Looking for volatility, I am going to try to pair my quarterbacks with one of their wide receivers with the hopes that a single play could net my DFS team two touchdowns.

For Tennessee, I see that their top receiver from last year has been suspended for this opening game and that their fourth-most targeted receiver from last year is out with an injury. Digging a little deeper, I see that two of the starters listed for this game, Josh Malone (sophomore 5-star recruit who was the third-most targeted receiver last year) and Jauan Jennings (freshman dual-threat QB recruit who switched to WR in the spring to get more playing time and won the slot job over a senior) are priced at the minimum salary of $3000. Because I will make multiple tournament lineups, I will try Malone first and Jennings later.
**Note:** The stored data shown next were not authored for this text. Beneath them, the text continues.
(* Let $(V,E,\sigma)$ be an influence graph and let $\mu : V \rightarrow \{+,-\}$ be a (partial) vertex labeling. If $W\subseteq V$ is a Minimal Inconsistent Core, then there is an answer set $X$ of the disjunctive logic program $P_D\cup\tau((V,E,\sigma),\mu)$ such that $\{i \mid \mathit{active}(i)\in X\}=W$.
   Context: An influence graph is a triple $(V,E,\sigma)$ where $V$ is a finite set of vertices, $E\subseteq V\times V$ is a set of directed edges (an edge from $j$ to $i$ is written $j\rightarrow i$), and $\sigma : E\rightarrow\{+,-\}$ is a partial labeling of the edges; in addition, some vertices of $V$ are designated as input vertices. Signs are multiplied as numbers ($++=--=+$, $+-=-+=-$). Given a partial vertex labeling $\mu:V\rightarrow\{+,-\}$ and total labelings $\sigma':E\rightarrow\{+,-\}$, $\mu':V\rightarrow\{+,-\}$, the value $\mu'(i)$ is called consistent if there is an edge $j\rightarrow i$ in $E$ with $\mu'(i)=\mu'(j)\sigma'(j,i)$. A subset $W\subseteq V$ is a Minimal Inconsistent Core (MIC) if (1) for all total extensions $\sigma'$ of $\sigma$ and $\mu'$ of $\mu$ there is some non-input vertex $i\in W$ such that $\mu'(i)$ is inconsistent, and (2) for every proper subset $W'\subset W$ there are total extensions $\sigma'$ of $\sigma$ and $\mu'$ of $\mu$ such that $\mu'(i)$ is consistent for every non-input vertex $i\in W'$. Answer set semantics: a disjunctive logic program is a set of rules $a_1;\dots;a_l \leftarrow b_1,\dots,b_m,\mathit{not}\ c_1,\dots,\mathit{not}\ c_n$ (with $l=0$ giving an integrity constraint, whose empty head is false). Rules with (capitalized) variables stand for all their ground instances obtained by substituting constants occurring in the program; a built-in comparison such as $S\neq T$ keeps only instances where the substituted constants differ. A conditional literal $\mathit{opposite}(U,V):\mathit{edge}(U,V)$ in a body, for fixed $V=v$, stands for the conjunction of all atoms $\mathit{opposite}(u,v)$ such that $\mathit{edge}(u,v)$ is a fact of the program (the empty conjunction if there is none). For a set $X$ of ground atoms, the reduct $P^X$ consists of $\{a_1,\dots,a_l\}\leftarrow b_1,\dots,b_m$ for each ground rule with $\{c_1,\dots,c_n\}\cap X=\emptyset$; $X$ is an answer set of $P$ if it is a $\subseteq$-minimal model of $P^X$. Here $+$ and $-$ are constants and vertex names are constants. The instance $\tau((V,E,\sigma),\mu)$ is the set of facts: $\mathit{vertex}(i)$ for each $i\in V$; $\mathit{edge}(j,i)$ for each $j\rightarrow i$ in $E$; $\mathit{observedE}(j,i,s)$ whenever $\sigma(j,i)=s$ is defined; $\mathit{observedV}(i,s)$ whenever $\mu(i)=s$ is defined; $\mathit{input}(i)$ for each input vertex $i$. The program $P_D$ consists of the rules $\mathit{labelV}(V,S)\leftarrow \mathit{observedV}(V,S)$; $\mathit{labelE}(U,V,S)\leftarrow \mathit{observedE}(U,V,S)$; $\mathit{active}(V);\mathit{inactive}(V)\leftarrow \mathit{vertex}(V),\mathit{not}\ \mathit{input}(V)$; $\mathit{edgeMIC}(U,V)\leftarrow \mathit{edge}(U,V),\mathit{active}(V)$; $\mathit{vertexMIC}(U)\leftarrow \mathit{edgeMIC}(U,V)$; $\mathit{vertexMIC}(V)\leftarrow \mathit{active}(V)$; $\mathit{labelV}(V,+);\mathit{labelV}(V,-)\leftarrow \mathit{vertexMIC}(V)$; $\mathit{labelE}(U,V,+);\mathit{labelE}(U,V,-)\leftarrow \mathit{edgeMIC}(U,V)$; $\mathit{opposite}(U,V)\leftarrow \mathit{labelE}(U,V,-),\mathit{labelV}(U,S),\mathit{labelV}(V,S)$; $\mathit{opposite}(U,V)\leftarrow \mathit{labelE}(U,V,+),\mathit{labelV}(U,S),\mathit{labelV}(V,T),S\neq T$; $\mathit{bottom}\leftarrow \mathit{active}(V),\mathit{opposite}(U,V):\mathit{edge}(U,V)$; $\leftarrow \mathit{not}\ \mathit{bottom}$; $\mathit{labelV}(V,+)\leftarrow \mathit{bottom},\mathit{vertex}(V)$; $\mathit{labelV}(V,-)\leftarrow \mathit{bottom},\mathit{vertex}(V)$; $\mathit{labelE}(U,V,+)\leftarrow \mathit{bottom},\mathit{edge}(U,V)$; $\mathit{labelE}(U,V,-)\leftarrow \mathit{bottom},\mathit{edge}(U,V)$; $\mathit{labelV'}(W,V,+);\mathit{labelV'}(W,V,-)\leftarrow \mathit{active}(W),\mathit{vertexMIC}(V)$; $\mathit{labelE'}(W,U,V,+);\mathit{labelE'}(W,U,V,-)\leftarrow \mathit{active}(W),\mathit{edgeMIC}(U,V)$; $\mathit{labelV'}(W,V,S)\leftarrow \mathit{active}(W),\mathit{observedV}(V,S)$; $\mathit{labelE'}(W,U,V,S)\leftarrow \mathit{active}(W),\mathit{observedE}(U,V,S)$; $\mathit{receive'}(W,V,+)\leftarrow \mathit{labelE'}(W,U,V,S),\mathit{labelV'}(W,U,S),V\neq W$; $\mathit{receive'}(W,V,-)\leftarrow \mathit{labelE'}(W,U,V,S),\mathit{labelV'}(W,U,T),V\neq W,S\neq T$; $\leftarrow \mathit{labelV'}(W,V,S),\mathit{active}(V),V\neq W,\mathit{not}\ \mathit{receive'}(W,V,S)$. *)

theory Defs
  imports Main
begin

datatype sign = Pos | Neg

fun smult :: "sign \<Rightarrow> sign \<Rightarrow> sign" where
  "smult Pos s = s"
| "smult Neg Pos = Neg"
| "smult Neg Neg = Pos"

text \<open>An influence graph: finite vertex set V, edges E (a pair (j,i) is the edge j -> i),
  partial edge labeling sigma (defined only on edges), set I of input vertices.\<close>
definition influence_graph ::
  "'v set \<Rightarrow> ('v \<times> 'v) set \<Rightarrow> ('v \<times> 'v \<Rightarrow> sign option) \<Rightarrow> 'v set \<Rightarrow> bool" where
  "influence_graph V E \<sigma> I \<longleftrightarrow>
     finite V \<and> E \<subseteq> V \<times> V \<and> {e. \<sigma> e \<noteq> None} \<subseteq> E \<and> I \<subseteq> V"

definition vertex_labeling :: "'v set \<Rightarrow> ('v \<Rightarrow> sign option) \<Rightarrow> bool" where
  "vertex_labeling V \<mu> \<longleftrightarrow> {i. \<mu> i \<noteq> None} \<subseteq> V"

definition extendsE :: "('v \<times> 'v) set \<Rightarrow> ('v \<times> 'v \<Rightarrow> sign option) \<Rightarrow> ('v \<times> 'v \<Rightarrow> sign) \<Rightarrow> bool" where
  "extendsE E \<sigma> \<sigma>' \<longleftrightarrow> (\<forall>e\<in>E. \<forall>s. \<sigma> e = Some s \<longrightarrow> \<sigma>' e = s)"

definition extendsV :: "'v set \<Rightarrow> ('v \<Rightarrow> sign option) \<Rightarrow> ('v \<Rightarrow> sign) \<Rightarrow> bool" where
  "extendsV V \<mu> \<mu>' \<longleftrightarrow> (\<forall>i\<in>V. \<forall>s. \<mu> i = Some s \<longrightarrow> \<mu>' i = s)"

definition consistent :: "('v \<times> 'v) set \<Rightarrow> ('v \<times> 'v \<Rightarrow> sign) \<Rightarrow> ('v \<Rightarrow> sign) \<Rightarrow> 'v \<Rightarrow> bool" where
  "consistent E \<sigma>' \<mu>' i \<longleftrightarrow> (\<exists>j. (j, i) \<in> E \<and> \<mu>' i = smult (\<mu>' j) (\<sigma>' (j, i)))"

definition is_MIC ::
  "'v set \<Rightarrow> ('v \<times> 'v) set \<Rightarrow> ('v \<times> 'v \<Rightarrow> sign option) \<Rightarrow> 'v set \<Rightarrow> ('v \<Rightarrow> sign option)
   \<Rightarrow> 'v set \<Rightarrow> bool" where
  "is_MIC V E \<sigma> I \<mu> W \<longleftrightarrow>
     W \<subseteq> V \<and>
     (\<forall>\<sigma>' \<mu>'. extendsE E \<sigma> \<sigma>' \<and> extendsV V \<mu> \<mu>' \<longrightarrow>
        (\<exists>i\<in>W. i \<notin> I \<and> \<not> consistent E \<sigma>' \<mu>' i)) \<and>
     (\<forall>W'. W' \<subset> W \<longrightarrow>
        (\<exists>\<sigma>' \<mu>'. extendsE E \<sigma> \<sigma>' \<and> extendsV V \<mu> \<mu>' \<and>
           (\<forall>i\<in>W'. i \<notin> I \<longrightarrow> consistent E \<sigma>' \<mu>' i)))"

text \<open>A ground rule (H, B+, B-) stands for  h1;...;hl <- b1,...,bm, not c1,...,not cn.\<close>
type_synonym 'a rule = "'a set \<times> 'a set \<times> 'a set"

definition reduct :: "'a rule set \<Rightarrow> 'a set \<Rightarrow> ('a set \<times> 'a set) set" where
  "reduct P X = {(H, Bp) | H Bp Bn. (H, Bp, Bn) \<in> P \<and> Bn \<inter> X = {}}"

definition is_model :: "('a set \<times> 'a set) set \<Rightarrow> 'a set \<Rightarrow> bool" where
  "is_model R X \<longleftrightarrow> (\<forall>(H, B) \<in> R. B \<subseteq> X \<longrightarrow> H \<inter> X \<noteq> {})"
I also probably have the option of putting them both in a lineup if I really want to bet on the Vols having a big game.

Looking to Texas Tech, they return their most-targeted option from 2014, Jakeem Grant ($7900), who saw 20.7% of the team targets while operating from his H position. Meanwhile, the second-most targeted position from last year (19.2%), the Y, has a new starter in the form of Ian Sadler ($4700). After these two interior receiver positions, the next-most targeted receivers saw 10% fewer targets last year. Considering the $3200 price differential, I am going to select Sadler as my stack with Mahomes.


Switching gears to the running game, I want to find the intersection of good OLine, high point total and reasonable price. Since I am constantly glued to my Phil Steele magazine, I check out his unit rankings to see which of the best OLs are at my disposal today. All of these are among his top 25 units… Georgia, Arkansas, Stanford, UCLA, Auburn, Texas Tech, Mississippi, Indiana, Missouri, Bolwing Green. Obviously it would be great to get Nick Chubb (Georgia) or Alex Collins (Arkansas) but their $9000+ price tags would mean my final four roster spots would have to be acquired with less than $3800 per pick.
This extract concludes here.